John McCall - February 2017 Update
This past weekend was a four-day holiday in Taiwan to commemorate the February 28th memorial when thousands of people were slaughtered by incoming forces from China in 1947. Many of the Taiwanese leaders were taken away at night and jailed or killed. For years this was a taboo subject, but as democracy flourished here it became a part of the history of this land.
Last year we took a group of pastors to Montreat Conference Center in North Carolina (see September 2016 update). We planned to have a retreat here in Taiwan for these pastors six months after our return, to check in with each other and to see how this experience shaped them and is still shaping them. We had pastors from every corner of Taiwan join in this experience, so Sunday afternoon they drove down from the high mountains, or took a several hour train ride from south, east, north, and west.
After preaching at a Taipei church on Sunday morning, I went to Taipei Main Station to take a train to the retreat center which is located about an hour’s drive south of Taipei. I had a seat on the train for half of the journey but had to stand for the second half.
When I got to the train station in Hsinchu, I wanted to get some exercise so decided to walk to the retreat center. It was supposed to be a twenty-minute walk. After walking for about fifteen minutes, I realized that I missed the road on which I was to turn. I saw two young men in their car with the window open sitting under a bridge, so I asked them how to get to my destination. The driver said, "you have come way too far down this road. You need to go back about ten minutes along the same road on which you have just come." Then he said, "Hop in my car. We'll take you there." Now in most countries, it isn't a smart thing to hop in a stranger's car. But when this young man offered to take me to the retreat center, I wasn't worried about ulterior motives, threw my backpack in his back seat and hopped in.
He told me that first he had to take his friend somewhere, and then he would take me to my destination. We couldn't find the address where his friend needed to go, so we followed some roads winding up a mountain.
If I had been suspicious that they had ulterior motives this would have been the time to get nervous, but I wasn't nervous at all. Taiwan is a very safe country. We finally found the address where his friend needed to go and drove back down the mountain to the city. I told him that I was headed to join a retreat for pastors. He told me that his father goes to church. When I asked him if he accompanies his father to church, he said, "No, everyone's interests are different." So, I gently encouraged him to give it a try and go with his father to church.
I told him that in most countries I would not get in a stranger's car, but that in my long time in Taiwan I have found it to be a very safe country. He then told me that he had been in prison for four years, and that that experience had taught him that it is much better to help people. Again, if I was suspicious, that might have been the time to get nervous. But I wasn't nervous at all.

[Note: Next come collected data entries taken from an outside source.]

theorem lemma9:
  shows "continuous_on (prob_simplex :: (real ^ ('x::finite \<times> 'y::finite \<times> 'z::finite)) set) Red_info"
proof -
  let ?S = "prob_simplex :: (real ^ ('x \<times> 'y \<times> 'z)) set"
  have "continuous_on ?S (\<lambda>p. mutual_info (PXZ p))"
    unfolding continuous_on_eq_continuous_within
    by (auto intro: continuous_mutual_info marginals_nonneg continuous_intros)
  then have "continuous_on ?S (\<lambda>p. mutual_info (PXZ p) - (\<Sum>y\<in>UNIV. PY p y * mutual_info (tilt_AC p y)))"
    by (intro continuous_intros continuous_on_weighted_mutual_info_tilt)
  then show ?thesis
    by (rule continuous_on_eq) (simp add: Red_info_def Un_info_eq_sum)
qed

end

When we got to the retreat center, I saw several friends and introduced my new friend to them. I then asked him if I could pray for him. Most Taiwanese are very open to having a prayer of blessing. Part of that openness comes from their belief that any "god" can help them. So with my friends, we bowed our heads and prayed for my "driver." He was appreciative, shook my hand, gave me his card (he is a roofer), got back in his car and drove away.
I shared my experience with the pastors at the retreat, and they all smiled. We had a wonderful time together at the retreat and left refreshed and renewed with new vision and hope for the future.